5. The architectural device for studying rotator cuff biomechanics of claim 1, wherein: The support mechanism includes a first locking block (10) and a second locking block (12). The first locking block (10) and the second locking block (12) are both locked onto the column (6). A frame (11) is fixedly connected between the first locking block (10) and the second locking block (12). The first locking block (10) is rotatably connected to an extension arm (16) via a pin. Two second pulleys (17) are symmetrically provided at one end of the extension arm (16). The lower end of the extension arm (16) is rotatably connected to a diagonal support arm (15) via a shaft pin. One end of the diagonal support arm (15) is obliquely fixedly connected to a pin (14). The side wall of the column (6) is provided with multiple evenly distributed slots (8), and the slots (8) cooperate with the pins (14). The side wall of the column (6) is symmetrically provided with two anti-rotation limiting grooves (9). The first card block (10) and the second card block (12) are each provided with two anti-rotation positioning blocks (19). The anti-rotation positioning blocks (19) are located in the anti-rotation limiting grooves (9). The pin (14) is provided with two positioning cards (13). The two positioning blocks are fixed at the lower end of the second card block (12).

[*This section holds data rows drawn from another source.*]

(* Let $f:\mathbb{R}^n\to\mathbb{R}$ be continuously differentiable and bounded below, with $\nabla f$ Lipschitz continuous on $\mathbb{R}^n$, and let $s$ be an integer with $0<s<n$. Then any optimal solution $\mathbf{x}^*$ of the problem (P): minimize $f(\mathbf{x})$ subject to $\|\mathbf{x}\|_0\le s$, is an $L_2(f)$-stationary point of (P), i.e. $\nabla_i f(\mathbf{x}^* )=0$ for $i\in I_1(\mathbf{x}^* )$ and $|\nabla_i f(\mathbf{x}^* )|\le L_2(f)M_s(\mathbf{x}^* )$ for $i\in I_0(\mathbf{x}^* )$.
   Context: $\|\mathbf{x}\|_0$ is the number of nonzero components; $I_1(\mathbf{x})=\{i:x_i\neq0\}$, $I_0(\mathbf{x})=\{i:x_i=0\}$; $M_s(\mathbf{x})$ is the $s$-th largest absolute value among the components of $\mathbf{x}$. For $i\neq j$, $\nabla_{i,j}f(\mathbf{x})\in\mathbb{R}^2$ is the vector of the $i$-th and $j$-th partial derivatives, and $L_{i,j}(f)$ is a constant with $\|\nabla_{i,j}f(\mathbf{x})-\nabla_{i,j}f(\mathbf{x}+\mathbf{d})\|\le L_{i,j}(f)\|\mathbf{d}\|$ for all $\mathbf{x}$ and all $\mathbf{d}$ with at most two nonzero components; $L_2(f)=\max_{i\neq j}L_{i,j}(f)$. *)

theory Defs
  imports "HOL-Analysis.Analysis" "HOL-Library.Multiset"
begin

text \<open>Vectors in R^n are modelled as real^'n for a finite index type 'n (n = CARD('n)).\<close>

definition l0norm :: "real^'n \<Rightarrow> nat" where
  "l0norm x = card {i. x $ i \<noteq> 0}"

definition I1 :: "real^'n \<Rightarrow> 'n set" where
  "I1 x = {i. x $ i \<noteq> 0}"

definition I0 :: "real^'n \<Rightarrow> 'n set" where
  "I0 x = {i. x $ i = 0}"

text \<open>M s x: the s-th largest absolute value among the components of x (s \<ge> 1),
  counted with multiplicity.\<close>
definition Ms :: "nat \<Rightarrow> real^'n \<Rightarrow> real" where
  "Ms s x = rev (sorted_list_of_multiset (image_mset (\<lambda>i. \<bar>x $ i\<bar>) (mset_set (UNIV :: 'n set)))) ! (s - 1)"

definition pair_grad_dist :: "(real^'n \<Rightarrow> real^'n) \<Rightarrow> 'n \<Rightarrow> 'n \<Rightarrow> real^'n \<Rightarrow> real^'n \<Rightarrow> real" where
  "pair_grad_dist G i j x y = sqrt ((G x $ i - G y $ i)^2 + (G x $ j - G y $ j)^2)"

definition pair_lip_consts :: "(real^'n \<Rightarrow> real^'n) \<Rightarrow> ('n \<Rightarrow> 'n \<Rightarrow> real) \<Rightarrow> bool" where
  "pair_lip_consts G L \<longleftrightarrow> (\<forall>i j. i \<noteq> j \<longrightarrow> (\<forall>x d. l0norm d \<le> 2 \<longrightarrow>
      pair_grad_dist G i j x (x + d) \<le> L i j * norm d))"

definition L2 :: "('n \<Rightarrow> 'n \<Rightarrow> real) \<Rightarrow> real" where
  "L2 L = Max {L i j | i j. i \<noteq> j}"

end

theory Submission
  imports Defs
begin

text \<open>Let x be optimal and g = \<nabla>f(x). Moving x along a single coordinate of its support keeps
  it feasible, so the corresponding partial derivative vanishes; the same holds off the support when
  l0norm x < s. If l0norm x = s and x_i = 0, pick j in the support with |x_j| = M_s(x) and
  replace the move x_j \<mapsto> 0 by x_i \<mapsto> t. This two-coordinate step is feasible, and the
  descent lemma for the pairwise Lipschitz constant L_{i,j} bounds the change of f by
  t g_i + L_{i,j}/2 (t^2 + x_j^2). Nonnegativity of this quadratic in t for all t is
  exactly |g_i| \<le> L_{i,j} |x_j| \<le> L_2 M_s(x).\<close>

lemma sorted_desc_nth_pos:
  fixes l :: "'a::{linorder,zero} list"
  assumes sorted: "sorted_wrt (\<ge>) l" and s_pos: "0 < s"
    and many_pos: "s \<le> length (filter (\<lambda>v. v > 0) l)"
  shows "l ! (s - 1) > 0"
proof (rule ccontr)
  assume "\<not> l ! (s - 1) > 0"
  then have tail: "\<not> l ! m > 0" if "s - 1 \<le> m" "m < length l" for m
    using sorted_wrt_nth_less[OF sorted, of "s - 1" m] that
    by (cases "m = s - 1") (auto simp: not_less)
  have "{m. m < length l \<and> l ! m > 0} \<subseteq> {..<s - 1}"
    using tail by (auto simp: not_le[symmetric])
  then have "length (filter (\<lambda>v. v > 0) l) \<le> s - 1"
    unfolding length_filter_conv_card by (metis card_lessThan card_mono finite_lessThan)
  with many_pos s_pos show False by simp
qed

6. The architectural device for studying rotator cuff biomechanics of claim 5, wherein: One end of the extension arm (16) is provided with a rectangular blind hole, and a telescopic arm (18) is sleeved in the rectangular blind hole. One end of the telescopic arm (18) is rotatably connected to the center of the two second pulleys (17) through a rotating shaft. A rectangular through hole is provided at the upper end of the extension arm (16), and a locking bolt is sleeved in the rectangular through hole. One side of the telescopic arm (18) is connected to the locking bolt through a threaded hole.
7. The architectural device for studying rotator cuff biomechanics of claim 1, wherein: The upper side of the frame (1) is fixedly connected to a crossbeam (2) by bolts. A sliding plate (37) is sleeved on the lower end of the crossbeam (2). A third pulley (38) is fixedly connected to the lower end of the sliding plate (37). A screw is threadedly connected to one side of the sliding plate (37) through a threaded hole.